*DIRECTIONS FOR THIS TASK*. Look through the data below and return each line where "noteq" appears.

=== GIVEN DATA ===

(* Let $\bar\gamma_{\mathrm{R}},\bar\gamma_{\mathrm{D}},\bar\gamma_{\mathrm{E}}>0$ and $\mathcal{R}>0$. Let $h_{\mathrm{S},\mathrm{R}},h_{\mathrm{R},\mathrm{D}},h_{\mathrm{S},\mathrm{E}},h_{\mathrm{R},\mathrm{E}}$ be independent $\mathcal{CN}(0,1)$ random variables. Define $$\mathcal{R}^{3}_{\mathrm{S}\to\mathrm{R}}=\log_2\frac{1+\bar\gamma_{\mathrm{R}}|h_{\mathrm{S},\mathrm{R}}|^2}{1+\bar\gamma_{\mathrm{E}}|h_{\mathrm{S},\mathrm{E}}|^2},\qquad \mathcal{R}^{3}_{\mathrm{R}\to\mathrm{D}}=\log_2\frac{1+\bar\gamma_{\mathrm{D}}|h_{\mathrm{R},\mathrm{D}}|^2}{1+\bar\gamma_{\mathrm{E}}|h_{\mathrm{R},\mathrm{E}}|^2},$$ $\mathcal{R}_3=\max\{\min\{\mathcal{R}^{3}_{\mathrm{S}\to\mathrm{R}},\mathcal{R}^{3}_{\mathrm{R}\to\mathrm{D}}\},0\}$ and $\mathcal{P}_3=\Pr(\mathcal{R}_3<\mathcal{R})$. Then $$\mathcal{P}_3=1-\mathrm{e}^{-\frac{2^{\mathcal{R}}-1}{\bar\gamma_{\mathrm{D}}}-\frac{2^{\mathcal{R}}-1}{\bar\gamma_{\mathrm{R}}}}\cdot\frac{1}{1+\frac{2^{\mathcal{R}}}{\bar\gamma_{\mathrm{D}}}\bar\gamma_{\mathrm{E}}}\cdot\frac{1}{1+\frac{2^{\mathcal{R}}}{\bar\gamma_{\mathrm{R}}}\bar\gamma_{\mathrm{E}}}.$$
   Context: This models a decode-and-forward relay system (source S, relay R, destination D, eavesdropper E) where the eavesdropper overhears both the source's and the relay's transmissions. $\mathcal{CN}(0,1)$ denotes a circularly symmetric complex Gaussian random variable with zero mean and unit variance (Rayleigh fading). $\bar\gamma$'s are average SNRs, $\mathcal{R}_3$ the secrecy capacity and $\mathcal{P}_3$ the secrecy outage probability. *)

theory Defs
  imports "HOL-Probability.Probability"
begin

definition CN01_density :: "complex \<Rightarrow> ennreal" where
  "CN01_density z = ennreal (exp (- (cmod z)\<^sup>2) / pi)"

definition is_CN01 :: "'a measure \<Rightarrow> ('a \<Rightarrow> complex) \<Rightarrow> bool" where
  "is_CN01 M X \<longleftrightarrow> distributed M lborel X CN01_density"
lemma lam_min_symmetric:
  fixes A :: "real mat"
  assumes A: "A \<in> carrier_mat n n" and sym: "transpose_mat A = A" and n: "0 < n"
  shows "eigenvalue A (lam_min A) \<and> (\<forall>v\<in>carrier_vec n. lam_min A * (v \<bullet> v) \<le> v \<bullet> (A *\<^sub>v v))"
proof -
  have "unit_vec n 0 \<noteq> (0\<^sub>v n :: real vec)"
    using n by (metis index_unit_vec(1) index_zero_vec(1) zero_neq_one)
  hence e: "unit_vec n 0 \<in> carrier_vec n" "0\<^sub>v n \<bullet> unit_vec n 0 = 0" "unit_vec n 0 \<noteq> 0\<^sub>v n"
    by auto
  have "A *\<^sub>v 0\<^sub>v n = 0 \<cdot>\<^sub>v 0\<^sub>v n" using A by (auto simp: mult_mat_zero_vec)
  then obtain m w where w: "w \<in> carrier_vec n" "w \<noteq> 0\<^sub>v n" "A *\<^sub>v w = m \<cdot>\<^sub>v w"
    and lower: "\<And>v. v \<in> carrier_vec n \<Longrightarrow> m * (v \<bullet> v) \<le> v \<bullet> (A *\<^sub>v v)"
  proof (rule rayleigh_min_on_eigenvector_complement[OF A sym zero_carrier_vec _ e])
    fix m w assume "w \<in> carrier_vec n" "0\<^sub>v n \<bullet> w = 0" "w \<noteq> 0\<^sub>v n" "A *\<^sub>v w = m \<cdot>\<^sub>v w"
      and "\<And>v. v \<in> carrier_vec n \<Longrightarrow> 0\<^sub>v n \<bullet> v = 0 \<Longrightarrow> m * (v \<bullet> v) \<le> v \<bullet> (A *\<^sub>v v)"
    then show thesis by (intro that[of w m]) auto
  qed
  have m: "eigenvalue A m" using w A unfolding eigenvalue_def eigenvector_def by auto
  have "m \<le> k" if "eigenvalue A k" for k
  proof -
    from that obtain x where "eigenvector A x k" unfolding eigenvalue_def by auto
    from eigenvector_rayleigh[OF A this] lower show ?thesis by force
  qed
  hence "lam_min A = m"
    unfolding lam_min_def using m by (intro Min_eqI[OF finite_eigenvalues[OF A]]) auto
  thus ?thesis using m lower by simp
qed

lemma lam_min_le_rayleigh:
  fixes A :: "real mat"
  assumes "A \<in> carrier_mat n n" "transpose_mat A = A" "0 < n" "v \<in> carrier_vec n"
  shows "lam_min A * (v \<bullet> v) \<le> v \<bullet> (A *\<^sub>v v)"
  using lam_min_symmetric[OF assms(1-3)] assms(4) by blast

lemma eigenvalue_uminus_iff:
  fixes A :: "real mat"
  assumes A: "A \<in> carrier_mat n n"
  shows "eigenvalue (- A) k = eigenvalue A (- k)"
proof -
  have "eigenvector (- A) v k = eigenvector A v (- k)" for v
  proof (cases "v \<in> carrier_vec n")
    case True
    have "(- (A *\<^sub>v v) = k \<cdot>\<^sub>v v) = (A *\<^sub>v v = (- k) \<cdot>\<^sub>v v)"
      using A True by (auto simp: vec_eq_iff)
    thus ?thesis using A True unfolding eigenvector_def by simp
  qed (use A in \<open>simp add: eigenvector_def\<close>)
  thus ?thesis unfolding eigenvalue_def by simp
qed

lemma lam_max_symmetric:
  fixes A :: "real mat"
  assumes A: "A \<in> carrier_mat n n" and sym: "transpose_mat A = A" and n: "0 < n"
  shows "lam_min A \<le> lam_max A" "v \<in> carrier_vec n \<Longrightarrow> v \<bullet> (A *\<^sub>v v) \<le> lam_max A * (v \<bullet> v)"
proof -
  have A': "- A \<in> carrier_mat n n" and sym': "transpose_mat (- A) = - A"
    using A sym by (auto simp: transpose_uminus)
  have spec: "{k. eigenvalue A k} = uminus ` {k. eigenvalue (- A) k}"
    by (auto simp: eigenvalue_uminus_iff[OF A] image_iff) (metis minus_minus)
  have "eigenvalue (- A) (lam_min (- A))" using lam_min_symmetric[OF A' sym' n] by blast
  hence lam_max: "lam_max A = - lam_min (- A)"
    unfolding lam_max_def lam_min_def spec using finite_eigenvalues[OF A']
    by (subst minus_Min_eq_Max) auto
  show "lam_min A \<le> lam_max A"
    using lam_min_symmetric[OF A sym n] finite_eigenvalues[OF A] unfolding lam_max_def
    by (auto intro: Max_ge)
  assume v: "v \<in> carrier_vec n"
  have "lam_min (- A) * (v \<bullet> v) \<le> - (v \<bullet> (A *\<^sub>v v))"
    using lam_min_le_rayleigh[OF A' sym' n v] A v by simp
  thus "v \<bullet> (A *\<^sub>v v) \<le> lam_max A * (v \<bullet> v)" unfolding lam_max by simp
qed

section \<open>The spectrum of a real symmetric matrix\<close>

lemma symmetric_char_poly_roots_real:
  fixes A :: "real mat"
  assumes A: "A \<in> carrier_mat n n" and sym: "transpose_mat A = A"
    and z: "poly (map_poly complex_of_real (char_poly A)) z = 0"
  shows "Im z = 0"
proof -
  define AC where "AC = map_mat complex_of_real A"
  have AC: "AC \<in> carrier_mat n n" unfolding AC_def using A by simp
  have "char_poly AC = map_poly of_real (char_poly A)"
    unfolding AC_def using of_real_hom.char_poly_hom[OF A] by simp
  hence "eigenvalue AC z" using z eigenvalue_root_char_poly[OF AC] by simp
  then obtain v where v: "v \<in> carrier_vec n" "v \<noteq> 0\<^sub>v n" "AC *\<^sub>v v = z \<cdot>\<^sub>v v"
    unfolding eigenvalue_def eigenvector_def using AC by auto
  define s where "s = (\<Sum>i<n. cnj (v $ i) * (AC *\<^sub>v v) $ i)"
  define r where "r = (\<Sum>i<n. (cmod (v $ i))^2)"
  have s_eigen: "s = z * complex_of_real r"
  proof -
    have "s = z * (\<Sum>i<n. cnj (v $ i) * v $ i)"
      unfolding s_def using v by (simp add: sum_distrib_left ac_simps)
    also have "(\<Sum>i<n. cnj (v $ i) * v $ i) = complex_of_real r"
      unfolding r_def of_real_sum
      by (rule sum.cong[OF refl], subst complex_norm_square, simp add: mult.commute)
    finally show ?thesis .
  qed
  have s_entries: "s = (\<Sum>i<n. \<Sum>j<n. cnj (v $ i) * complex_of_real (A $$ (i, j)) * v $ j)"
    unfolding s_def
  proof (intro sum.cong refl)
    fix i assume i: "i \<in> {..<n}"
    have "(AC *\<^sub>v v) $ i = (\<Sum>j<n. complex_of_real (A $$ (i, j)) * v $ j)"
      using mult_mat_vec_index_sum[OF AC _ v(1), of i] i A unfolding AC_def by simp
    thus "cnj (v $ i) * (AC *\<^sub>v v) $ i = (\<Sum>j<n. cnj (v $ i) * complex_of_real (A $$ (i, j)) * v $ j)"
      by (simp add: sum_distrib_left mult.assoc)
  qed
  have A_sym: "A $$ (j, i) = A $$ (i, j)" if "i < n" "j < n" for i j
    using sym that A by (metis carrier_matD index_transpose_mat(1))
  have "cnj s = (\<Sum>i<n. \<Sum>j<n. v $ i * complex_of_real (A $$ (i, j)) * cnj (v $ j))"
    unfolding s_entries by simp
  also have "\<dots> = (\<Sum>j<n. \<Sum>i<n. v $ i * complex_of_real (A $$ (i, j)) * cnj (v $ j))"
    by (rule sum.swap)
  also have "\<dots> = s" unfolding s_entries using A_sym by (intro sum.cong refl) (auto simp: ac_simps)
  finally have "Im s = 0" by (metis Reals_cnj_iff complex_is_Real_iff)
  moreover have "r > 0"
  proof -
    have "r \<noteq> 0"
    proof
      assume "r = 0"
      hence "\<forall>i\<in>{..<n}. (cmod (v $ i))^2 = 0" unfolding r_def by (subst (asm) sum_nonneg_eq_0_iff) auto
      hence "v = 0\<^sub>v n" using v(1) by (intro eq_vecI) auto
      thus False using v(2) by simp
    qed
    thus ?thesis unfolding r_def by (simp add: order_le_neq_trans sum_nonneg)
  qed
  ultimately show ?thesis unfolding s_eigen by simp
qed

lemma real_rooted_poly_splits:
  fixes p :: "real poly"
  assumes monic: "coeff p (degree p) = 1"
    and real_roots: "\<And>z. poly (map_poly complex_of_real p) z = 0 \<Longrightarrow> Im z = 0"
  obtains rs where "p = (\<Prod>r\<leftarrow>rs. [:- r, 1:])" "length rs = degree p"
proof -
  interpret h: map_poly_inj_idom_hom complex_of_real ..
  define pC where "pC = map_poly complex_of_real p"
  have "degree pC = degree p" "coeff pC (degree pC) = 1" unfolding pC_def using monic by simp_all
  then obtain as where pC: "pC = (\<Prod>a\<leftarrow>as. [:- a, 1:])" and len: "length as = degree p"
    using fundamental_theorem_algebra_factorized[of pC] by auto
  have "Im a = 0" if "a \<in> set as" for a
  proof -
    have "poly (\<Prod>a\<leftarrow>as. [:- a, 1:]) a = 0" using that by (induct as) auto
    thus "Im a = 0" using real_roots pC unfolding pC_def by metis
  qed
  hence "map_poly complex_of_real (\<Prod>r\<leftarrow>map Re as. [:- r, 1:]) = (\<Prod>a\<leftarrow>as. [:- a, 1:])"
  proof (induct as)
    case (Cons a as)
    have linear: "map_poly complex_of_real [:- Re a, 1:] = [:- a, 1:]"
      using Cons.prems by (simp add: complex_eq_iff)
    have "map_poly complex_of_real (\<Prod>r\<leftarrow>map Re (a # as). [:- r, 1:])
       = map_poly complex_of_real [:- Re a, 1:] * map_poly complex_of_real (\<Prod>r\<leftarrow>map Re as. [:- r, 1:])"
      by (simp only: list.map prod_list.Cons h.hom_mult)
    also have "\<dots> = [:- a, 1:] * (\<Prod>a\<leftarrow>as. [:- a, 1:])"
      using Cons by (simp only: linear) simp
    finally show ?case by simp
  qed simp
  hence "p = (\<Prod>r\<leftarrow>map Re as. [:- r, 1:])"
    using pC unfolding pC_def by (metis h.injectivity)
  thus ?thesis by (rule that) (simp add: len)
qed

===

*WORKED SOLUTION*.
  have "unit_vec n 0 \<noteq> (0\<^sub>v n :: real vec)"
  hence e: "unit_vec n 0 \<in> carrier_vec n" "0\<^sub>v n \<bullet> unit_vec n 0 = 0" "unit_vec n 0 \<noteq> 0\<^sub>v n"
  then obtain m w where w: "w \<in> carrier_vec n" "w \<noteq> 0\<^sub>v n" "A *\<^sub>v w = m \<cdot>\<^sub>v w"
    fix m w assume "w \<in> carrier_vec n" "0\<^sub>v n \<bullet> w = 0" "w \<noteq> 0\<^sub>v n" "A *\<^sub>v w = m \<cdot>\<^sub>v w"
  then obtain v where v: "v \<in> carrier_vec n" "v \<noteq> 0\<^sub>v n" "AC *\<^sub>v v = z \<cdot>\<^sub>v v"
    have "r \<noteq> 0"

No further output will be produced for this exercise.